Weiser's smile faded and she leaned forward. For an instant he was wholly unnerved by the eye contact but was compelled to return her gaze. He felt electricity between them. His scalp bristled and his heart suddenly pounded like a snare drum.
He felt a twitch of pain. Well, phantom pain. When he spoke, it was not his own voice that he heard but one that was lower and more mature and calmer. "Doctor, I don't want you to think I've got a swollen head or anything but I'm a survivor. I don't lose. At anything. Ever. Getting into the police academy, getting onto the varsity basketball team, yeah, even at five ten. Everything I've ever set my mind to do, I've done. Well, what happened to me is crap, sure. But I'm alive. I got friends. I got family." His right hand curled into a fist. "And I'm going to get through this."
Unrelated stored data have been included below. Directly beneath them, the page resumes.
lemma boltzmann_weight_nondegenerate:
  assumes "admissible_weights k d" "transcendental_over (base_field k d a b) (of_real t)"
  shows "of_real (1 - 1 / a) - (of_real (1 - 1 / a))^2
      \<noteq> (of_real t)^2 * of_real (d 1 (-1)) * complex_of_real (d (-1) 1)"
    and "of_real (1 - 1 / b) - (of_real (1 - 1 / b))^2
      \<noteq> (of_real t)^2 * of_real (d (-1) 1) * complex_of_real (d 1 (-1))"
proof -
  interpret F: subfield "base_field k d a b"
    by (rule subfield_base_field)
  have "(1, -1) \<in> step_set k" "(-1, 1) \<in> step_set k"
    by (auto simp: step_set_def)
  then have e: "of_real (d 1 (-1)) * of_real (d (-1) 1) \<in> base_field k d a b"
    "complex_of_real (d 1 (-1)) * of_real (d (-1) 1) \<noteq> 0"
    using admissible_weights_antidiagonal_pos[OF assms(1)] by (auto intro: F.mult_mem base_field_generators(1))
  have "of_real (1 - 1 / a) \<in> base_field k d a b" "of_real (1 - 1 / b) \<in> base_field k d a b"
    using base_field_generators(2,3)[OF \<open>(1, -1) \<in> step_set k\<close>]
    by (simp_all add: F.diff_mem F.divide_mem)
  then show "of_real (1 - 1 / a) - (of_real (1 - 1 / a))^2
      \<noteq> (of_real t)^2 * of_real (d 1 (-1)) * complex_of_real (d (-1) 1)"
    and "of_real (1 - 1 / b) - (of_real (1 - 1 / b))^2
      \<noteq> (of_real t)^2 * of_real (d (-1) 1) * complex_of_real (d 1 (-1))"
    using transcendental_no_quadratic_relation[OF assms(2) subfield_base_field _ e] by (simp_all add: mult_ac)
qed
Weiser sat back, her pine green eyes neither cautious nor inspirational, but immensely pleased. It seemed as if by delivering his monolog he'd passed a test of some sort. "It's going to be a real pleasure working with you, Donnie."
They shook hands and made an appointment for their next session.
When the door closed, Donnie Buffett exhaled slowly and said a short, silent prayer of thanks. If Weiser had turned inches to the right she would've seen the hypodermic syringe that a harried orderly had accidentally left on the bedside table just before the doctor entered the room-the syringe that had been virtually the only thing in Buffett's thoughts during the doctor's entire visit. He gripped the head of the bed with his large hands and tightened his ample biceps. He moved up one inch. Sweat broke out. Another huge flex, another inch. He felt as if he were dragging the weight of ten men with him. He reached for the syringe.